WATERS: And that begs the question, of course, how important is tomorrow night for the president.
SCHNEIDER: Absolutely crucial. He's got to use that to start his agenda, to sell the tax cut, which has become a test of his leadership. He said that in his convention speech: The tax cut is a test of his leadership.
He's got to sell it, he's got to do it by getting -- ratcheting up the public pressure in order to put pressure on Congress, which appears to be skeptical of the tax cut. There's no crisis facing the country. While the voters do favor the tax cut, they don't think it's as high a priority as reducing the debt, financing important programs like education, Social Security and Medicare.
He's got to sell it, and to do that he needs the attention of the public and the press. And he's going to start that process, he hopes, tomorrow night.
WATERS: And what do the Democrats have to do to get their act together?
SCHNEIDER: Well, they have to find a way in which they can oppose the tax cut. They've had several arguments that it doesn't really reduce the debt. I think the president is going to try to address that tomorrow night. They're arguing that it favors the rich too much. The president is going to have something to say about that.
The problem is there's one president. He focuses the attention of the voters. There isn't one Democrat who speaks for the party. Basically, the Democrats are still defined by Bill Clinton. His man is in charge of the Democratic National Committee. The vice president, Al Gore, hasn't really been heard from. His wife is involved in these pardons controversies, and the Democrats are the minority right now in both houses of Congress.
So there's no one Democrat who really can rally the party.
WATERS: One -- the first question for Ari Fleischer in his White House briefing today had to do with "The Miami Herald" investigation of the Florida vote, their conclusion that if that deadline had been extended and the votes recounted, that Al Gore would not have picked up enough votes to have won the Florida election, in fact that George W. Bush would have won by 140 votes. Now, Ari Fleischer was asked if that was significant within the White House. He said no.
SCHNEIDER: Well their view is the election is over, the ballots have been counted, the election has been certified. It's got to be gratifying to Republicans, however, that this independent count in one county, Miami-Dade, where the counting -- the hand counting was stopped, would not have changed the result.
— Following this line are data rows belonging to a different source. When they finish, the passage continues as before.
lemma val_ge_poly_diff:
  assumes "integral_poly p" "val_ge v x 0" "val_ge v y 0" "val_ge v (x - y) M"
  shows "val_ge v (poly p x - poly p y) M"
  using assms(1)
proof (induction p)
  case (pCons a p)
  have p: "integral_poly p"
    using integral_poly_pCons pCons.prems by simp
  have eq: "poly (pCons a p) x - poly (pCons a p) y = x * (poly p x - poly p y) + (x - y) * poly p y"
    by (simp add: algebra_simps)
  show ?case
    unfolding eq
  proof (rule val_ge_add)
    show "val_ge v (x * (poly p x - poly p y)) M"
      by (rule val_ge_mult_integral[OF assms(2) pCons.IH[OF p]])
    show "val_ge v ((x - y) * poly p y) M"
      using val_ge_mult[OF assms(4) val_ge_poly_integral[OF p assms(3)]] by simp
  qed
qed simp

lemma integral_poly_synthetic_div:
  assumes "integral_poly p" "val_ge v c 0"
  shows "integral_poly (synthetic_div p c)"
  using assms(1)
proof (induction p)
  case (pCons a p)
  have p: "integral_poly p"
    using integral_poly_pCons pCons.prems by simp
  show ?case
    unfolding synthetic_div_pCons integral_poly_pCons
    using val_ge_poly_integral[OF p assms(2)] pCons.IH[OF p] by blast
qed simp

text \<open>If \<alpha> \<notin> A, the leading term \<alpha>^d of f(\<alpha>) has strictly smaller valuation than all others.\<close>

lemma root_of_monic_integral:
  assumes f: "integral_poly f" "monic f" and root: "poly f \<alpha> = 0"
  shows "val_ge v \<alpha> 0"
proof (rule ccontr)
  assume "\<not> val_ge v \<alpha> 0"
  then have \<alpha>: "\<alpha> \<noteq> 0" "v \<alpha> < 0" by (auto simp: val_ge_def)
  define d where "d = degree f"
  have "d \<noteq> 0"
    using root monic_degree_0[OF f(2)] by (auto simp: d_def)
  define M where "M = int (d - 1) * v \<alpha>"
  have "poly f \<alpha> = (\<Sum>i<d. coeff f i * \<alpha> ^ i) + \<alpha> ^ d"
    unfolding poly_altdef d_def using f by (simp add: lessThan_Suc_atMost[symmetric])
  then have "\<alpha> ^ d = - (\<Sum>i<d. coeff f i * \<alpha> ^ i)"
    using root by (simp add: eq_neg_iff_add_eq_0 add.commute)
  moreover have "val_ge v (\<Sum>i<d. coeff f i * \<alpha> ^ i) M"
  proof (rule val_ge_sum)
    fix i assume "i \<in> {..<d}"
    then have "int i * v \<alpha> \<ge> M" unfolding M_def using \<alpha> by (simp add: mult_right_mono_neg)
    moreover have "val_ge v (\<alpha> ^ i) (int i * v \<alpha>)"
      using v_power[OF \<alpha>(1)] by (simp add: val_ge_def)
    ultimately show "val_ge v (coeff f i * \<alpha> ^ i) M"
      using val_ge_mult_integral[OF integral_polyD[OF f(1)]] val_ge_mono by blast
  qed
  ultimately have "val_ge v (\<alpha> ^ d) M" using val_ge_uminus by metis
  moreover have "v (\<alpha> ^ d) < M"
    using v_power[OF \<alpha>(1)] \<open>d \<noteq> 0\<close> \<alpha>(2) by (simp add: M_def of_nat_diff)
  ultimately show False using \<alpha>(1) by (simp add: val_ge_def)
qed

lemma val_ge_det_row:
  assumes A: "A \<in> carrier_mat n n" and i: "i < n"
    and integral: "\<And>k j. k < n \<Longrightarrow> j < n \<Longrightarrow> val_ge v (A $$ (k, j)) 0"
    and row: "\<And>j. j < n \<Longrightarrow> val_ge v (A $$ (i, j)) M"
  shows "val_ge v (det A) M"
  unfolding det_def'[OF A]
proof (rule val_ge_sum)
  fix p assume "p \<in> {p. p permutes {0..<n}}"
  then have p: "p k < n" if "k < n" for k
    using that permutes_in_image[of p "{0..<n}" k] by simp
  have rest: "val_ge v (\<Prod>k\<in>{0..<n} - {i}. A $$ (k, p k)) 0"
  proof (rule val_ge_prod_integral)
    fix k assume "k \<in> {0..<n} - {i}"
    then show "val_ge v (A $$ (k, p k)) 0" using integral p by simp
  qed
  have "(\<Prod>k=0..<n. A $$ (k, p k)) = A $$ (i, p i) * (\<Prod>k\<in>{0..<n} - {i}. A $$ (k, p k))"
    using i by (intro prod.remove) auto
  then have prod: "val_ge v (\<Prod>k=0..<n. A $$ (k, p k)) M"
    using val_ge_mult[OF row[OF p[OF i]] rest] by simp
  have sign: "val_ge v (signof p) 0"
    by (simp add: sign_def val_ge_1 val_ge_uminus)
  show "val_ge v (signof p * (\<Prod>k=0..<n. A $$ (k, p k))) M"
    by (rule val_ge_mult_integral[OF sign prod])
qed

text \<open>The resultant lies in the ideal generated by F(\<alpha>) and G(\<alpha>) in A: evaluate at \<alpha> the
  polynomial matrix whose determinant is the (constant) zeroth subresultant. Its last row
  consists of the polynomials X^k F and X^k G.\<close>

lemma val_ge_resultant:
  assumes F: "integral_poly F" and G: "integral_poly G" and "degree F + degree G \<noteq> 0"
    and \<alpha>: "val_ge v \<alpha> 0" and "val_ge v (poly F \<alpha>) M" and "val_ge v (poly G \<alpha>) M"
  shows "val_ge v (resultant F G) M"
proof -
  define n where "n = degree F + degree G"
  define S where "S = map_mat (\<lambda>p. poly p \<alpha>) (subresultant_mat 0 F G)"
  have eval_hom: "comm_ring_hom (\<lambda>p. poly p \<alpha>)"
    by unfold_locales auto
  have "resultant F G = poly (det (subresultant_mat 0 F G)) \<alpha>"
    using subresultant_resultant[of F G] by (simp add: subresultant_def)
  also have "\<dots> = det S"
    unfolding S_def by (simp add: comm_ring_hom.hom_det[OF eval_hom])
  finally have res: "resultant F G = det S" .
  have entry: "S $$ (k, j) = (if j < degree G
        then if k = n - 1 then \<alpha> ^ (degree G - 1 - j) * poly F \<alpha>
          else coeff_int F (int (degree F) - int k + int j)
        else if k = n - 1 then \<alpha> ^ (degree F - 1 - (j - degree G)) * poly G \<alpha>
          else coeff_int G (int (degree G) - int k + int (j - degree G)))"
    if "k < n" "j < n" for k j
    using that subresultant_index_mat[of k F 0 G j]
    by (simp add: S_def n_def Let_def poly_monom)
  have coeff_int_integral: "val_ge v (coeff_int F k) 0" "val_ge v (coeff_int G k) 0" for k
    using F G by (simp_all add: coeff_int_def integral_polyD)
  show ?thesis
    unfolding res
  proof (rule val_ge_det_row)
    show "S \<in> carrier_mat n n"
      unfolding S_def n_def map_carrier_mat
      by (rule carrier_matI) (simp_all only: subresultant_mat_dim diff_zero)
    show "n - 1 < n" using assms(3) by (simp add: n_def)
    show "val_ge v (S $$ (n - 1, j)) M" if "j < n" for j
      using entry[OF \<open>n - 1 < n\<close> that]
        val_ge_mult_integral[OF val_ge_power_integral[OF \<alpha>] assms(5)]
        val_ge_mult_integral[OF val_ge_power_integral[OF \<alpha>] assms(6)]
      by simp
    show "val_ge v (S $$ (k, j)) 0" if "k < n" "j < n" for k j
      using entry[OF that] coeff_int_integral
        val_ge_mult_integral[OF val_ge_power_integral[OF \<alpha>] val_ge_poly_integral[OF F \<alpha>]]
        val_ge_mult_integral[OF val_ge_power_integral[OF \<alpha>] val_ge_poly_integral[OF G \<alpha>]]
      by simp
  qed
qed

lemma val_ge_discriminant_close_roots:
  assumes f: "integral_poly f" "f \<noteq> 0" and \<alpha>: "val_ge v \<alpha> 0" and \<beta>: "val_ge v \<beta> 0"
    and roots: "poly f \<alpha> = 0" "poly f \<beta> = 0" "\<alpha> \<noteq> \<beta>" and close: "val_ge v (\<alpha> - \<beta>) M"
  shows "val_ge v (resultant f (pderiv f)) M"
proof -
  define h where "h = synthetic_div f \<alpha>"
  have fh: "f = [:-\<alpha>, 1:] * h"
    using synthetic_div_correct'[of \<alpha> f] roots(1) by (simp add: h_def)
  have "pderiv [:-\<alpha>, 1:] = 1"
    by (simp add: pderiv_pCons)
  then have "pderiv f = [:-\<alpha>, 1:] * pderiv h + h"
    by (subst fh, simp only: pderiv_mult) simp
  then have "poly (pderiv f) \<alpha> = poly h \<alpha>"
    by simp
  moreover have "(\<beta> - \<alpha>) * poly h \<beta> = 0"
    using roots(2) by (simp add: fh algebra_simps)
  then have "poly h \<beta> = 0"
    using roots(3) by simp
  moreover have "val_ge v (poly h \<alpha> - poly h \<beta>) M"
    using integral_poly_synthetic_div[OF f(1) \<alpha>] \<alpha> \<beta> close unfolding h_def
    by (rule val_ge_poly_diff)
  moreover have "degree f \<noteq> 0"
  proof
    assume "degree f = 0"
    then obtain c where "f = [:c:]" by (rule degree_eq_zeroE)
    then show False using f(2) roots(1) by simp
  qed
  ultimately show ?thesis
    using val_ge_resultant[OF f(1) integral_poly_pderiv[OF f(1)] _ \<alpha>] roots(1) by simp
qed

lemma approx_rel_refl:
  assumes "N > r" and C: "C \<in> roots_mod v f N"
  shows "(C, C) \<in> approx_rel v f N r"
proof -
  obtain x where x: "x \<in> val_ring v" and "C = cong_pow v N `` {x}"
    using C unfolding roots_mod_def quot_ring_def by (auto elim: quotientE)
  then have "x \<in> C" "(x, x) \<in> cong_pow v (r + 1)"
    by (simp_all add: cong_pow_def)
  then show ?thesis
    using assms by (auto simp: approx_rel_def)
qed

lemma approx_rel_classes_cong:
  assumes "N > r" and "(cong_pow v N `` {x}, cong_pow v N `` {y}) \<in> approx_rel v f N r"
  shows "(x, y) \<in> cong_pow v (r + 1)"
proof -
  have sym: "sym (cong_pow v n)" and trans: "trans (cong_pow v n)" for n
    using equiv_cong_pow by (simp_all add: equiv_def)
  obtain u w where "(x, u) \<in> cong_pow v N" "(y, w) \<in> cong_pow v N" and uw: "(u, w) \<in> cong_pow v (r + 1)"
    using assms by (auto simp: approx_rel_def)
  then have "(x, u) \<in> cong_pow v (r + 1)" "(w, y) \<in> cong_pow v (r + 1)"
    using cong_pow_antimono[of "r + 1" N] \<open>N > r\<close> symD[OF sym] by auto
  then show ?thesis
    using uw transD[OF trans] by meson
qed

lemma root_class_in_roots_mod:
  assumes "integral_poly f" "monic f" "poly f x = 0"
  shows "cong_pow v N `` {x} \<in> roots_mod v f N"
  using assms root_of_monic_integral[OF assms] cong_pow_class_in_quot_ring[of x N]
  by (auto simp: roots_mod_def cong_pow_def val_ring_iff intro!: bexI[of _ x])

lemma finite_roots_mod_quotient:
  assumes "finite_residue_field v" "N > 0"
  shows "finite (roots_mod v f N // approx_rel v f N r)"
proof (rule finite_quotient)
  have "finite (quot_ring v N)"
    using finite_quot_ring[OF assms] .
  then show "finite (roots_mod v f N)"
    by (rule finite_subset[rotated]) (auto simp: roots_mod_def)
  show "approx_rel v f N r \<subseteq> roots_mod v f N \<times> roots_mod v f N"
    by (auto simp: approx_rel_def)
qed
(* Let $s>0$, $\gamma\ge0$, $u>0$, and $\nu_0,\nu_1\ge0$ with $\nu_0+\nu_1=1$. Let $(a_t)_{t\ge0}$ be the embedded ASG process, and let $y(\cdot;y_0)$ solve $$\dot y=-y(1-y)[s+\gamma(1-y)]+u\nu_1(1-y)-u\nu_0y,\qquad y(0)=y_0\in[0,1].$$ Then for all $\alpha\in\Xi^\star$, $t\ge0$ and $y_0\in[0,1]$, $$H\big(\alpha,y(t;y_0)\big)=\mathbb E_\alpha\big[H(a_t,y_0)\big].$$ In particular, if the process starts from the tree consisting only of an unmarked root, then $y(t;y_0)=\mathbb E\big[H(a_t,y_0)\big]$.
   Context: $\Xi^\star$ is the set of finite rooted trees with the following properties: every vertex has outdegree at most 3; the children of a vertex of outdegree 2 are labelled left and right, and those of a vertex of outdegree 3 are labelled left, middle and right; every vertex of outdegree 1 carries a mark, either $\times$ or $\circ$; no other vertex carries a mark. The embedded ASG process $(a_t)_{t\ge0}$ is the continuous-time Markov chain on $\Xi^\star$ in which, independently for each leaf $\ell$ of the current tree: - at rate $s$, two children (left, right) are attached to $\ell$; - at rate $\gamma$, three children (left, middle, right) are attached to $\ell$; - at rate $u\nu_1$, one child is attached to $\ell$ and $\ell$ is marked $\times$; - at rate $u\nu_0$, one child is attached to $\ell$ and $\ell$ is marked $\circ$. $\mathbb E_\alpha$ denotes expectation when $a_0=\alpha$. For $\alpha\in\Xi^\star$ and $z\in[0,1]$, $H(\alpha,z)$ is the probability that the root of $\alpha$ gets type 1 ("unfit"). Types are obtained as follows. Each leaf independently gets type 1 with probability $z$ and type 0 otherwise. Types then propagate to the root: a vertex marked $\times$ (resp. $\circ$) has type 1 (resp. 0); a vertex of outdegree 2 has type 1 iff both children have type 1; a vertex of outdegree 3 has type 0 iff its left child has type 0 or both its middle and right children have type 0. *)

theory Defs
  imports "HOL-Analysis.Analysis"
begin

datatype mark = Cross | Circ

text \<open>Finite rooted trees in Xi-star: a leaf; a vertex of outdegree 1 carrying a mark
  and its child; a vertex of outdegree 2 with left/right child; a vertex of
  outdegree 3 with left/middle/right child.\<close>
datatype xi = Leaf | Unary mark xi | Binary xi xi | Ternary xi xi xi

text \<open>H alpha z: probability that the root gets type 1 (unfit), leaves i.i.d.
  type 1 with probability z; subtrees are disjoint hence independent.\<close>
fun H :: "xi \<Rightarrow> real \<Rightarrow> real" where
  "H Leaf z = z"
| "H (Unary Cross t) z = 1"
| "H (Unary Circ t) z = 0"
| "H (Binary l r) z = H l z * H r z"
| "H (Ternary l m r) z = H l z * (1 - (1 - H m z) * (1 - H r z))"

fun asg_trans :: "real \<Rightarrow> real \<Rightarrow> real \<Rightarrow> real \<Rightarrow> real \<Rightarrow> xi \<Rightarrow> (real \<times> xi) list" where
  "asg_trans s g u nu0 nu1 Leaf =
     [(s, Binary Leaf Leaf), (g, Ternary Leaf Leaf Leaf),
      (u * nu1, Unary Cross Leaf), (u * nu0, Unary Circ Leaf)]"
| "asg_trans s g u nu0 nu1 (Unary m t) =
     map (\<lambda>(c, t'). (c, Unary m t')) (asg_trans s g u nu0 nu1 t)"
| "asg_trans s g u nu0 nu1 (Binary l r) =
     map (\<lambda>(c, l'). (c, Binary l' r)) (asg_trans s g u nu0 nu1 l) @
     map (\<lambda>(c, r'). (c, Binary l r')) (asg_trans s g u nu0 nu1 r)"
| "asg_trans s g u nu0 nu1 (Ternary l m r) =
     map (\<lambda>(c, l'). (c, Ternary l' m r)) (asg_trans s g u nu0 nu1 l) @
     map (\<lambda>(c, m'). (c, Ternary l m' r)) (asg_trans s g u nu0 nu1 m) @
     map (\<lambda>(c, r'). (c, Ternary l m r')) (asg_trans s g u nu0 nu1 r)"

definition asg_rate :: "real \<Rightarrow> real \<Rightarrow> real \<Rightarrow> real \<Rightarrow> real \<Rightarrow> xi \<Rightarrow> real" where
  "asg_rate s g u nu0 nu1 a = (\<Sum>(c, b)\<leftarrow>asg_trans s g u nu0 nu1 a. c)"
Democrats can find a lot of things to quarrel with. I'm sure they will say to use even more lenient standards. I'd point out that "The Miami Herald" used fairly lenient standards. They counted dimpled chads, which are controversial. Democrats would say, well, if you count other evidence of voter intent, Gore might have squeaked through. But you'd have to really count spoiled ballots, and that, I think, would be very difficult to pass any court test.
WATERS: Ari Fleischer said, we were never in doubt about the election. But I imagine it must be gratifying to the administration, because there other people, voters, who possibly might have been in doubt.
SCHNEIDER: I think there were many voters who were in doubt, and this will help to resolve those doubts and create more consensus behind Bush.
WATERS: OK, Bill Schneider, senior political analyst in Washington. Thanks, Bill. Talk to you again.